这里还要再捋一次cpu、executor、app的关系：首先worker上启动的所有executor都是为这个app服务的，而每个worker上确定启动几个executor取决于这个worker上分配了多少cpu给这个app；反过来说，spreadOutApps算法每次给worker分配的cpu数都是minCoresPerExecutor个，也就是启动一个executor需要的cpu数，这就决定了executor会分布到不同的worker上去，最终也就是运行这个app的任务会均匀落到不同的worker中。
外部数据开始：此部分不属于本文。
lemma higher_deriv_compose_exp:
  assumes f: "f holomorphic_on S" and S: "open S" and z: "exp z \<in> S"
  shows "(deriv ^^ n) (\<lambda>w. f (exp w)) z
    = (\<Sum>k\<le>n. of_nat (Stirling n k) * (exp z ^ k * (deriv ^^ k) f (exp z)))"
proof -
  define T where "T = exp -` S"
  have T: "open T"
    unfolding T_def using S by (rule open_exp_vimage)
  have "\<forall>z\<in>T. (deriv ^^ n) (\<lambda>w. f (exp w)) z
    = (\<Sum>k\<le>n. of_nat (Stirling n k) * (exp z ^ k * (deriv ^^ k) f (exp z)))"
  proof (induction n)
    case 0
    show ?case by simp
  next
    case (Suc n)
    show ?case
    proof
      fix z assume "z \<in> T"
      define X where "X k = exp z ^ k * (deriv ^^ k) f (exp z)" for k
      have "((\<lambda>z. exp z ^ k * (deriv ^^ k) f (exp z)) has_field_derivative of_nat k * X k + X (Suc k)) (at z)" for k
      proof -
        have "((deriv ^^ k) f has_field_derivative (deriv ^^ Suc k) f (exp z)) (at (exp z))"
          using \<open>z \<in> T\<close> by (intro higher_deriv_has_field_derivative[OF f S]) (simp add: T_def)
        from DERIV_chain2[OF this DERIV_exp]
        have chain: "((\<lambda>z. (deriv ^^ k) f (exp z)) has_field_derivative exp z * (deriv ^^ Suc k) f (exp z)) (at z)"
          by (simp add: mult.commute)
        have power: "((\<lambda>z. exp z ^ k) has_field_derivative of_nat k * exp z ^ k) (at z)"
        proof -
          have "exp z * exp z ^ (k - Suc 0) = exp z ^ k" if "k > 0"
            using that by (simp add: power_Suc[symmetric])
          then show ?thesis
            using DERIV_power[where n=k, OF DERIV_exp[of z]] by (cases "k = 0") simp_all
        qed
        from DERIV_mult[OF power chain] show ?thesis
          by (simp add: X_def algebra_simps)
      qed
      then have "((\<lambda>z. \<Sum>k\<le>n. of_nat (Stirling n k) * (exp z ^ k * (deriv ^^ k) f (exp z)))
          has_field_derivative (\<Sum>k\<le>n. of_nat (Stirling n k) * (of_nat k * X k + X (Suc k)))) (at z)"
        by (intro DERIV_sum DERIV_cmult)
      then have "((deriv ^^ n) (\<lambda>w. f (exp w)) has_field_derivative
          (\<Sum>k\<le>n. of_nat (Stirling n k) * (of_nat k * X k + X (Suc k)))) (at z)"
        by (rule has_field_derivative_transform_within_open[OF _ T \<open>z \<in> T\<close>]) (use Suc.IH in simp)
      then show "(deriv ^^ Suc n) (\<lambda>w. f (exp w)) z
          = (\<Sum>k\<le>Suc n. of_nat (Stirling (Suc n) k) * (exp z ^ k * (deriv ^^ k) f (exp z)))"
        unfolding sum_Stirling_Suc by (simp add: DERIV_imp_deriv X_def)
    qed
  qed
  then show ?thesis
    using z by (simp add: T_def)
qed


lemma higher_deriv_ode_solution:
  assumes f: "f holomorphic_on S" and S: "open S"
    and ode: "\<And>x. x \<in> S \<Longrightarrow> 2 * x * ((2 * x - 1) * deriv f x + f x) = 1"
    and x: "x \<in> S"
  shows "2 * x ^ Suc k * ((2 * x - 1) * (deriv ^^ Suc k) f x + of_nat (2 * k + 1) * (deriv ^^ k) f x)
    = (-1) ^ k * fact k"
  using x
proof (induction k arbitrary: x)
  case 0
  then show ?case using ode by simp
next
  case (Suc k)
  txt \<open>With Q_k = 2 x^(k+1) P_k one has x Q_k' = (k+1) Q_k + Q_(k+1), and Q_k is constant.\<close>
  define P where "P k x = (2 * x - 1) * (deriv ^^ Suc k) f x + of_nat (2 * k + 1) * (deriv ^^ k) f x" for k x
  have P': "(P k has_field_derivative P (Suc k) x) (at x)"
    using higher_deriv_has_field_derivative[OF f S Suc.prems, of k]
      higher_deriv_has_field_derivative[OF f S Suc.prems, of "Suc k"]
    unfolding P_def by (auto intro!: derivative_eq_intros simp: algebra_simps)
  have "((\<lambda>x. 2 * x ^ Suc k * P k x) has_field_derivative
      2 * (of_nat (Suc k) * x ^ k) * P k x + 2 * x ^ Suc k * P (Suc k) x) (at x)"
    using DERIV_mult[OF DERIV_cmult[OF DERIV_power[where n="Suc k", OF DERIV_ident]] P', of 2]
    by (simp add: mult.commute)
  moreover have "((\<lambda>x. 2 * x ^ Suc k * P k x) has_field_derivative 0) (at x)"
  proof -
    have "eventually (\<lambda>y. 2 * y ^ Suc k * P k y = (-1) ^ k * fact k) (nhds x)"
      using eventually_nhds_in_open[OF S Suc.prems] by eventually_elim (unfold P_def, rule Suc.IH)
    then show ?thesis
      by (subst DERIV_cong_ev[OF refl _ refl]) (auto intro: DERIV_const)
  qed
  ultimately have "0 = x * (2 * (of_nat (Suc k) * x ^ k) * P k x + 2 * x ^ Suc k * P (Suc k) x)"
    using DERIV_unique by fastforce
  also have "\<dots> = of_nat (Suc k) * (2 * x ^ Suc k * P k x) + 2 * x ^ Suc (Suc k) * P (Suc k) x"
    by (simp add: algebra_simps)
  finally have "2 * x ^ Suc (Suc k) * P (Suc k) x = - (of_nat (Suc k) * (2 * x ^ Suc k * P k x))"
    by (metis add_eq_0_iff)
  also have "2 * x ^ Suc k * P k x = (-1) ^ k * fact k"
    unfolding P_def by (rule Suc.IH[OF Suc.prems])
  finally show ?case
    unfolding P_def by simp
qed

section \<open>The function g\<close>

lemma Re_csqrt_pos: "z \<notin> \<real>\<^sub>\<le>\<^sub>0 \<Longrightarrow> 0 < Re (csqrt z)"
proof (rule ccontr)
  assume z: "z \<notin> \<real>\<^sub>\<le>\<^sub>0" and "\<not> 0 < Re (csqrt z)"
  define b where "b = Im (csqrt z)"
  have "csqrt z = \<i> * of_real b"
    using csqrt_principal[of z] \<open>\<not> 0 < Re (csqrt z)\<close> by (simp add: complex_eq_iff b_def)
  then have "z = - of_real (b ^ 2)"
    by (metis power2_csqrt power_mult_distrib power2_i mult_minus1 of_real_power)
  with z show False
    by (simp add: complex_nonpos_Reals_iff)
qed

definition g :: "complex \<Rightarrow> complex" where
  "g x = Arctan (csqrt (2 * x - 1)) / csqrt (2 * x - 1)"

definition g_domain :: "complex set" where
  "g_domain = {x. 2 * x - 1 \<notin> \<real>\<^sub>\<le>\<^sub>0}"

lemma open_g_domain: "open g_domain"
proof -
  have "g_domain = (\<lambda>x. 2 * x - 1) -` (- \<real>\<^sub>\<le>\<^sub>0)"
    by (auto simp: g_domain_def)
  moreover have "open ((\<lambda>x. 2 * x - 1) -` (- \<real>\<^sub>\<le>\<^sub>0 :: complex set))"
    by (rule continuous_open_vimage) (auto intro!: continuous_intros open_Compl)
  ultimately show ?thesis
    by simp
qed

lemma g_domain_nonzero:
  assumes "x \<in> g_domain"
  shows "x \<noteq> 0" "2 * x - 1 \<noteq> 0"
proof -
  show "x \<noteq> 0"
    using assms by (auto simp: g_domain_def)
  show "2 * x - 1 \<noteq> 0"
    using assms nonpos_Reals_zero_I unfolding g_domain_def by force
qed

lemma g_has_field_derivative:
  assumes x: "x \<in> g_domain"
  shows "(g has_field_derivative (1 / (2 * x) - g x) / (2 * x - 1)) (at x)"
proof -
  define v where "v = csqrt (2 * x - 1)"
  have nonpos: "2 * x - 1 \<notin> \<real>\<^sub>\<le>\<^sub>0"
    using x by (simp add: g_domain_def)
  then have "0 < Re v"
    unfolding v_def by (rule Re_csqrt_pos)
  then have v: "v \<noteq> 0" "Re v \<noteq> 0"
    by auto
  have v2: "v ^ 2 = 2 * x - 1"
    by (simp add: v_def)
  have "(g has_field_derivative (inverse (1 + v ^ 2) * (1 / v) * v - Arctan v * (1 / v)) / (v * v)) (at x)"
    unfolding g_def[abs_def] v_def using nonpos v
    by (auto intro!: derivative_eq_intros simp: v_def)
  moreover have "(inverse (1 + v ^ 2) * (1 / v) * v - Arctan v * (1 / v)) / (v * v)
      = (1 / (1 + v ^ 2) - Arctan v / v) / v ^ 2"
    using v by (simp add: power2_eq_square inverse_eq_divide)
  moreover have "g x = Arctan v / v"
    by (simp add: g_def v_def)
  ultimately show ?thesis
    by (simp add: v2)
qed

lemma g_holomorphic: "g holomorphic_on g_domain"
  using g_has_field_derivative
  by (auto simp: holomorphic_on_def field_differentiable_def intro: has_field_derivative_at_within)

lemma g_ode: "x \<in> g_domain \<Longrightarrow> 2 * x * ((2 * x - 1) * deriv g x + g x) = 1"
proof -
  assume x: "x \<in> g_domain"
  with g_domain_nonzero DERIV_imp_deriv[OF g_has_field_derivative[OF x]] show ?thesis
    by (simp add: field_simps)
qed

lemma higher_deriv_g_1: "(deriv ^^ k) g 1 = of_real ((-1) ^ k * taylor_bracket k)"
proof (induction k)
  case 0
  show ?case
    using Arctan_of_real[of 1] by (simp add: g_def taylor_bracket_0 arctan_one)
next
  case (Suc k)
  have "1 \<in> g_domain"
    by (simp add: g_domain_def complex_nonpos_Reals_iff)
  from higher_deriv_ode_solution[OF g_holomorphic open_g_domain g_ode this, of k]
  have "(deriv ^^ Suc k) g 1 = (-1) ^ k * fact k / 2 - of_nat (2 * k + 1) * (deriv ^^ k) g 1"
    by (simp add: field_simps)
  then show ?case
    by (simp add: Suc.IH taylor_bracket_Suc field_simps)
qed

lemma exp_in_g_domain:
  assumes "norm z < ln 2"
  shows "exp z \<in> g_domain"
proof (rule ccontr)
  assume "exp z \<notin> g_domain"
  then have real: "Im (exp z) = 0" and "Re (exp z) \<le> 1 / 2"
    by (auto simp: g_domain_def complex_nonpos_Reals_iff)
  moreover have "1 / 2 < norm (exp z)"
  proof -
    have "- ln 2 < Re z"
      using abs_Re_le_cmod[of z] assms by linarith
    then have "exp (- ln 2) < exp (Re z)"
      by simp
    then show ?thesis
      by (simp add: norm_exp_eq_Re exp_minus)
  qed
  ultimately have "Re (exp z) < 0"
    using cmod_eq_Re[OF real] by linarith
  then have "cos (Im z) < 0"
    by (simp add: Re_exp mult_less_0_iff)
  moreover have "\<bar>Im z\<bar> < pi / 2"
    using abs_Im_le_cmod[of z] assms ln_2_less_1 pi_gt3 by linarith
  then have "cos (Im z) > 0"
    by (intro cos_gt_zero_pi) linarith+
  ultimately show False
    by simp
qed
现在就该看看每个worker上到底启动多少executor了

 /**
   * Allocate a worker's resources to one or more executors.
   * @param app the info of the application which the executors belong to
   * @param assignedCores number of cores on this worker for this application
   * @param coresPerExecutor number of cores per executor
   * @param worker the worker info
   */
  private def allocateWorkerResourceToExecutors(
      app: ApplicationInfo,
      assignedCores: Int,
      coresPerExecutor: Option[Int],
      worker: WorkerInfo): Unit = {
	// If the number of cores per executor is specified, we divide the cores assigned to this worker evenly among the executors with no remainder.
	// Otherwise, we launch a single executor that grabs all the assignedCores on this worker.
	// 如果指定了每个executor的核数么，那么我们就按照这个数量给每个executor分配，不留余数。
	// 如果没有指定，那么所有的cpu 都分配给一个executor
    val numExecutors = coresPerExecutor.map { assignedCores / _ }.getOrElse(1)
    val coresToAssign = coresPerExecutor.getOrElse(assignedCores)
    for (i <- 1 to numExecutors) {
     // 将executor加入application的内存缓存
      val exec = app.addExecutor(worker, coresToAssign)
      launchExecutor(worker, exec)
      app.state = ApplicationState.RUNNING
    }
  }

最后一步，master通知worker启动executor

  private def launchExecutor(worker: WorkerInfo, exec: ExecutorDesc): Unit = {
    logInfo("Launching executor " + exec.fullId + " on worker " + worker.id)
   // 将executor加入worker内存缓存
    worker.addExecutor(exec)
    // 向worker发送消息，要求worker启动这个executor
    worker.endpoint.send(LaunchExecutor(masterUrl,
      exec.application.id, exec.id, exec.application.desc, exec.cores, exec.memory))
    // 向这个application的driver发送消息，将executor相关信息加入driver内存
    exec.application.driver.send(
      ExecutorAdded(exec.id, worker.id, worker.hostPort, exec.cores, exec.memory))
  }

到此为止，master的shchedul()方法就全部走完了，一句话来说，就是每个worker需要为不同的app分别启动多少executor。
大致总结下master资源分配的步骤：
1.以轮询的方式在worker上启动driver
2.master启动之后在worker上启动executor
a.以spreadout算法将executor均匀分布在worker上，得到每个worker应该为这个application分配多少cpu
b.根据这些cpu的数量去启动相对应数量的executor